§ EXERCISE BRIEF: Please return every line of the records below that holds the word "open".
:: ENTRIES PROVIDED
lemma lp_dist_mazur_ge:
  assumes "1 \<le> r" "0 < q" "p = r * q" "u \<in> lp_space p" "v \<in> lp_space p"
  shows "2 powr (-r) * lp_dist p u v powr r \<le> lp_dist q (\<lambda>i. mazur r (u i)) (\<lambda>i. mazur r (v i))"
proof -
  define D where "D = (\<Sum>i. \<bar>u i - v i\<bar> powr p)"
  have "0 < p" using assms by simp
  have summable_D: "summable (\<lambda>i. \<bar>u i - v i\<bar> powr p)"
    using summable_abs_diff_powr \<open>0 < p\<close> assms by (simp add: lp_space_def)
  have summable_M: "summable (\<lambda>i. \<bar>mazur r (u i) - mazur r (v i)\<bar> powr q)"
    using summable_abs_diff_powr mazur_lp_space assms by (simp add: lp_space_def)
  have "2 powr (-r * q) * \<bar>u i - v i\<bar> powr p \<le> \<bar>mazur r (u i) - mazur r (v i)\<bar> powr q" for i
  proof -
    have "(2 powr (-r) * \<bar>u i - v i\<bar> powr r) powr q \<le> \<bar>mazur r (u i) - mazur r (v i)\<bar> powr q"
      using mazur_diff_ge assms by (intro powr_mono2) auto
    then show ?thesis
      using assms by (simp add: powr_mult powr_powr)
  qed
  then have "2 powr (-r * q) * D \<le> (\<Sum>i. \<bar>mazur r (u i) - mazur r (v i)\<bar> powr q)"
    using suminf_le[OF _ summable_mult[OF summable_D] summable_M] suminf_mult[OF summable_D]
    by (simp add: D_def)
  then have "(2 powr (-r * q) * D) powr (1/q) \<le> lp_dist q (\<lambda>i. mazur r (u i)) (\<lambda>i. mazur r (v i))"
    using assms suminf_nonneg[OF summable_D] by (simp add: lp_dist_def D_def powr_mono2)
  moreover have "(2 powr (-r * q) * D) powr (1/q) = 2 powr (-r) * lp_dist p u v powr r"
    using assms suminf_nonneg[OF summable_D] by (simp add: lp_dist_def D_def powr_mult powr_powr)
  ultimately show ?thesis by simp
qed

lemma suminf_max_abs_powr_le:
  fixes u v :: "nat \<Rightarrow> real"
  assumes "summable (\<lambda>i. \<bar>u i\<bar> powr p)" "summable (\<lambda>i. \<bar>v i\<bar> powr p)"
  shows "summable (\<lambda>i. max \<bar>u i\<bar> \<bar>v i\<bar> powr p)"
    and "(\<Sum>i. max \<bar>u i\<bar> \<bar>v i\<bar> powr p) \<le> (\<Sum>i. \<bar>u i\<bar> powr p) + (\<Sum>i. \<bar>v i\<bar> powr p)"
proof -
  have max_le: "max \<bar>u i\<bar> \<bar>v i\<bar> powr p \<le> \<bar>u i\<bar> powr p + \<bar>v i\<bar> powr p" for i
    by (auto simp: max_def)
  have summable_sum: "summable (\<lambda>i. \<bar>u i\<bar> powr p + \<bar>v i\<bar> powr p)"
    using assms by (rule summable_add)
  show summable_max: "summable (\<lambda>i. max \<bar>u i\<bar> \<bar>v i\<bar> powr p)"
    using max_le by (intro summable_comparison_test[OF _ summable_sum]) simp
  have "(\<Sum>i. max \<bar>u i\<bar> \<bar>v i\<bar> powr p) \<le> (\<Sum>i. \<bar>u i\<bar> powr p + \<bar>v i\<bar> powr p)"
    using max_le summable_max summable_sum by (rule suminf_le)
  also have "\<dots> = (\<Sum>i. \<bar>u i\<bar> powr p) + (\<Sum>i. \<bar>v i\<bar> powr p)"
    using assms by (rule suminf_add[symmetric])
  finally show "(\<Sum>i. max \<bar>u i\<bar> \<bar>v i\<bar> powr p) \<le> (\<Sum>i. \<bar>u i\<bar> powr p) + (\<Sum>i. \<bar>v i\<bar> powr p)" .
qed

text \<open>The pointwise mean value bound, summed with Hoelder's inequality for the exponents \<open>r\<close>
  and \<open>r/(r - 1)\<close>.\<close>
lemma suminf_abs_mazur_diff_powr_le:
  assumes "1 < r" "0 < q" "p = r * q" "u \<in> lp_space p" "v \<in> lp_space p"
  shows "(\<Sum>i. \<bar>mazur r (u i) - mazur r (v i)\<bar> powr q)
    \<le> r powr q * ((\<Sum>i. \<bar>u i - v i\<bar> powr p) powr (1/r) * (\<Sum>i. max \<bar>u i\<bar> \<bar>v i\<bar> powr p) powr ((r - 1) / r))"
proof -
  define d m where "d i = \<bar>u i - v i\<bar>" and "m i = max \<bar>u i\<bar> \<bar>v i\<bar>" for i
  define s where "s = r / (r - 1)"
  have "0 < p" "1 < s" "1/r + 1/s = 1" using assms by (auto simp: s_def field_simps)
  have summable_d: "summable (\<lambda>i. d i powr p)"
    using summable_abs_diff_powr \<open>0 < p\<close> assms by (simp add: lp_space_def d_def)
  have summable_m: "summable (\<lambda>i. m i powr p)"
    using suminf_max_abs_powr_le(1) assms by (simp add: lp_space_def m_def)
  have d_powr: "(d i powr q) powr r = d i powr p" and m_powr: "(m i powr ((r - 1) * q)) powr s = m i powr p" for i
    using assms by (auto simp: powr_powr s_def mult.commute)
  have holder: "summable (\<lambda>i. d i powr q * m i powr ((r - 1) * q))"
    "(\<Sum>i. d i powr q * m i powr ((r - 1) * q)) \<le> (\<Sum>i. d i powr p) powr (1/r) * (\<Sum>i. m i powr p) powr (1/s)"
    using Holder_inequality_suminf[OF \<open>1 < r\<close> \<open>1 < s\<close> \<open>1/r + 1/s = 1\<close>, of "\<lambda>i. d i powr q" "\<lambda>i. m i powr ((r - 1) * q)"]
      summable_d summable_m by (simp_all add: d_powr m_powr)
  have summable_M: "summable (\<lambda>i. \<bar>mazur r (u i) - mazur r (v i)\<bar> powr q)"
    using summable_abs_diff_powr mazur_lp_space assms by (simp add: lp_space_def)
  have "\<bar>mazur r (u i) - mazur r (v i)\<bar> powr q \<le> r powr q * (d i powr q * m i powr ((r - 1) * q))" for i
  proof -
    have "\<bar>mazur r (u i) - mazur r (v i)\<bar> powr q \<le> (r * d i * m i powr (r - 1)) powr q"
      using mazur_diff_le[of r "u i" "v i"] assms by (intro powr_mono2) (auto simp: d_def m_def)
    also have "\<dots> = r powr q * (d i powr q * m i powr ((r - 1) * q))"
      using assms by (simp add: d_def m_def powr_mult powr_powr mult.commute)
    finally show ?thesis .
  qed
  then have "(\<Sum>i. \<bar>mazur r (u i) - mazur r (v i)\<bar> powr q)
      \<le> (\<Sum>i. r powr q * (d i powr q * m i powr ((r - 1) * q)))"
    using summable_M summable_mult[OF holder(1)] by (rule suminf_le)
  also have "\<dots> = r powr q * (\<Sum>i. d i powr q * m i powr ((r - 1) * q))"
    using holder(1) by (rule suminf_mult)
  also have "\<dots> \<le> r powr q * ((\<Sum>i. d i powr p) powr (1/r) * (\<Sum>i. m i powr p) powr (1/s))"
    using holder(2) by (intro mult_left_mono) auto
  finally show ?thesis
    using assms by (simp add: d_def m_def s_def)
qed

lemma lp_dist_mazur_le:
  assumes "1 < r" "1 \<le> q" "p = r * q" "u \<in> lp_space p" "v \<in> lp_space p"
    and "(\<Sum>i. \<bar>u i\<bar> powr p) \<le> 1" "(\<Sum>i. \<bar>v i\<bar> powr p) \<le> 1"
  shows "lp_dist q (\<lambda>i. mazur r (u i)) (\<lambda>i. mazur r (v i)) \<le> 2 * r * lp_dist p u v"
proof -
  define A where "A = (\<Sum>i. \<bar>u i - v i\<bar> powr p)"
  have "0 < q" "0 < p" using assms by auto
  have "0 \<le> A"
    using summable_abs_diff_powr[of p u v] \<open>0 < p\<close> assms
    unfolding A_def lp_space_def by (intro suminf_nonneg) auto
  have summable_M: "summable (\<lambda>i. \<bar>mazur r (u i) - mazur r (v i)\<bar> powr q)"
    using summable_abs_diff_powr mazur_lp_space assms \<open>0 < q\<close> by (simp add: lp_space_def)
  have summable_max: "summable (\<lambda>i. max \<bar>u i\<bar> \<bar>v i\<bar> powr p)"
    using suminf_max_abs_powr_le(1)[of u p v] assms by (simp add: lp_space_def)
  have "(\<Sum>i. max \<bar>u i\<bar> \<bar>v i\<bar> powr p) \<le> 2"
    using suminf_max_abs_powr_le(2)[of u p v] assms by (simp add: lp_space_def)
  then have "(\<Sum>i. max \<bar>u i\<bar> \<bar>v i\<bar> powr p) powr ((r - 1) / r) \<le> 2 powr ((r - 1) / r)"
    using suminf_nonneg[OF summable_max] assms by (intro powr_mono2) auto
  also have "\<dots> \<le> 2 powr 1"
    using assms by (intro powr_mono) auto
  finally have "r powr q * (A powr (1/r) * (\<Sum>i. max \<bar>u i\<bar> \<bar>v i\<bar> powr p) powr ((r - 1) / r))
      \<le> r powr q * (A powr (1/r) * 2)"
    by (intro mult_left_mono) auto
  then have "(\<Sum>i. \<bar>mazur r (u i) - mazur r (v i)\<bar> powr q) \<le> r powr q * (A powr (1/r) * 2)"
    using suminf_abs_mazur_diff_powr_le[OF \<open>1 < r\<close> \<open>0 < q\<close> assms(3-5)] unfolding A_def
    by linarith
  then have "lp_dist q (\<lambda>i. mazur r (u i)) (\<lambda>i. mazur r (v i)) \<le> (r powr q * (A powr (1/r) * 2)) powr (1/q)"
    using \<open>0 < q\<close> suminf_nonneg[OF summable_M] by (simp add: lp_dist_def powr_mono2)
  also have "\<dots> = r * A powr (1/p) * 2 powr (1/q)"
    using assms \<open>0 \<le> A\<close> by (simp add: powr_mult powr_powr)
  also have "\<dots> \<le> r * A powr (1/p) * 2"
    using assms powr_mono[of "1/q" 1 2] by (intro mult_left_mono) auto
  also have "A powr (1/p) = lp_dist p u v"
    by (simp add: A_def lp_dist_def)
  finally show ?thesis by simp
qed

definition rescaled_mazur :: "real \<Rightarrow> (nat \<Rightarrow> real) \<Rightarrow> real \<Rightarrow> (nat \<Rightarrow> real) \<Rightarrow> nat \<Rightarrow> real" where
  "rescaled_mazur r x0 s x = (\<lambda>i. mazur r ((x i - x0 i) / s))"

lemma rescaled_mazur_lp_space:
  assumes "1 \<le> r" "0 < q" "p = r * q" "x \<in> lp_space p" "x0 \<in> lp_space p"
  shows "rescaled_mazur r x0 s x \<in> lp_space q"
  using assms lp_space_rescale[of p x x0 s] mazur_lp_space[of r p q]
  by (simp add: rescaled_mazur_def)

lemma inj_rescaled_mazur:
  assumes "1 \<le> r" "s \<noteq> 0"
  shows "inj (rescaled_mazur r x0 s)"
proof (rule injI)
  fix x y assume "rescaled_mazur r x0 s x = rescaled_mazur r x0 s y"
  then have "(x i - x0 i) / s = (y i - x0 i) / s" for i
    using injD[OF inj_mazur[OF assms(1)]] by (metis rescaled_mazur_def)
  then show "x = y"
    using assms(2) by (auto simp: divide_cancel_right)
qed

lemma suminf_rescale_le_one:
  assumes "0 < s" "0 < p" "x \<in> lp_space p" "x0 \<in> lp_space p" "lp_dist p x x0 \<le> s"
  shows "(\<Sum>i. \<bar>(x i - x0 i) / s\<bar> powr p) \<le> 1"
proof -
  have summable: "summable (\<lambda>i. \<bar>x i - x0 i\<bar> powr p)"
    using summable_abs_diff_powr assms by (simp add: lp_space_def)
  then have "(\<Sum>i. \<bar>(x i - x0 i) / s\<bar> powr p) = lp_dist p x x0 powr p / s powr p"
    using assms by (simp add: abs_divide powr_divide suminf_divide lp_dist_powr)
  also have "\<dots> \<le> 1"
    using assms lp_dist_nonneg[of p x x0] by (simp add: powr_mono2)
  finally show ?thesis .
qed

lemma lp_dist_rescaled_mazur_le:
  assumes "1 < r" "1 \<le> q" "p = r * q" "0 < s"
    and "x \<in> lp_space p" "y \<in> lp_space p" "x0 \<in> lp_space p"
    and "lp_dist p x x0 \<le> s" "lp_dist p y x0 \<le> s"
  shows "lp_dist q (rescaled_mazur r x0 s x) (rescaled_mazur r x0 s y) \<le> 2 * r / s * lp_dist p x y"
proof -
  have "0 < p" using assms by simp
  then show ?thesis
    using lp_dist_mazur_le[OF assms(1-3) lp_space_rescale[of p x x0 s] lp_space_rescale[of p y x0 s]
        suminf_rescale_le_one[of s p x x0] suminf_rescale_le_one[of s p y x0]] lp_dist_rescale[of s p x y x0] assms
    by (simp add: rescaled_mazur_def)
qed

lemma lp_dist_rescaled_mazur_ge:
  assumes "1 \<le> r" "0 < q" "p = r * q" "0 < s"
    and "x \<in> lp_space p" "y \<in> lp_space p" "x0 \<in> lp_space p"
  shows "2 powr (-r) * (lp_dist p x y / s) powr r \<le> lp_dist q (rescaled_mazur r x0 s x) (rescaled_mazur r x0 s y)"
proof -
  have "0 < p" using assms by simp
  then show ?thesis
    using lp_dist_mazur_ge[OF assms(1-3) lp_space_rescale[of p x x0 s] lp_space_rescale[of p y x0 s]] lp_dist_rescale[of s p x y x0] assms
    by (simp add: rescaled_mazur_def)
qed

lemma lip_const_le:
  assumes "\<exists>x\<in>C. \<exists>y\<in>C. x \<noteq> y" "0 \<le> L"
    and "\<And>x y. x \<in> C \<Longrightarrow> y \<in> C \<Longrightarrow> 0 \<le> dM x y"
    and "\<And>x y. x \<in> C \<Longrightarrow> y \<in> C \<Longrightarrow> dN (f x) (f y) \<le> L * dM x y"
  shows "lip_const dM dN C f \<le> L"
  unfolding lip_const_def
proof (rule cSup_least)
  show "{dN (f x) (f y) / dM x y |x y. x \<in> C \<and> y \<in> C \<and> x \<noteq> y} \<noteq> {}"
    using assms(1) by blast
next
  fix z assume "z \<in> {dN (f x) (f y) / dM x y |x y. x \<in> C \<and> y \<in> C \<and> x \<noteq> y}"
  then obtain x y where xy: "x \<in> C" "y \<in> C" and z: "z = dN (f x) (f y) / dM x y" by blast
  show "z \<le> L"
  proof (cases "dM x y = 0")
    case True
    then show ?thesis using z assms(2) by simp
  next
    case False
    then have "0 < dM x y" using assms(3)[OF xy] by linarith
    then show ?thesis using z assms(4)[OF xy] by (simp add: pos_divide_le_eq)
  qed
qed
::::
§ YOUR RESPONSE:
    using summable_abs_diff_powr \<open>0 < p\<close> assms by (simp add: lp_space_def)
text \<open>The pointwise mean value bound, summed with Hoelder's inequality for the exponents \<open>r\<close>
  and \<open>r/(r - 1)\<close>.\<close>
    using summable_abs_diff_powr \<open>0 < p\<close> assms by (simp add: lp_space_def d_def)
    using Holder_inequality_suminf[OF \<open>1 < r\<close> \<open>1 < s\<close> \<open>1/r + 1/s = 1\<close>, of "\<lambda>i. d i powr q" "\<lambda>i. m i powr ((r - 1) * q)"]
    using summable_abs_diff_powr[of p u v] \<open>0 < p\<close> assms
    using summable_abs_diff_powr mazur_lp_space assms \<open>0 < q\<close> by (simp add: lp_space_def)
    using suminf_abs_mazur_diff_powr_le[OF \<open>1 < r\<close> \<open>0 < q\<close> assms(3-5)] unfolding A_def
    using \<open>0 < q\<close> suminf_nonneg[OF summable_M] by (simp add: lp_dist_def powr_mono2)
    using assms \<open>0 \<le> A\<close> by (simp add: powr_mult powr_powr)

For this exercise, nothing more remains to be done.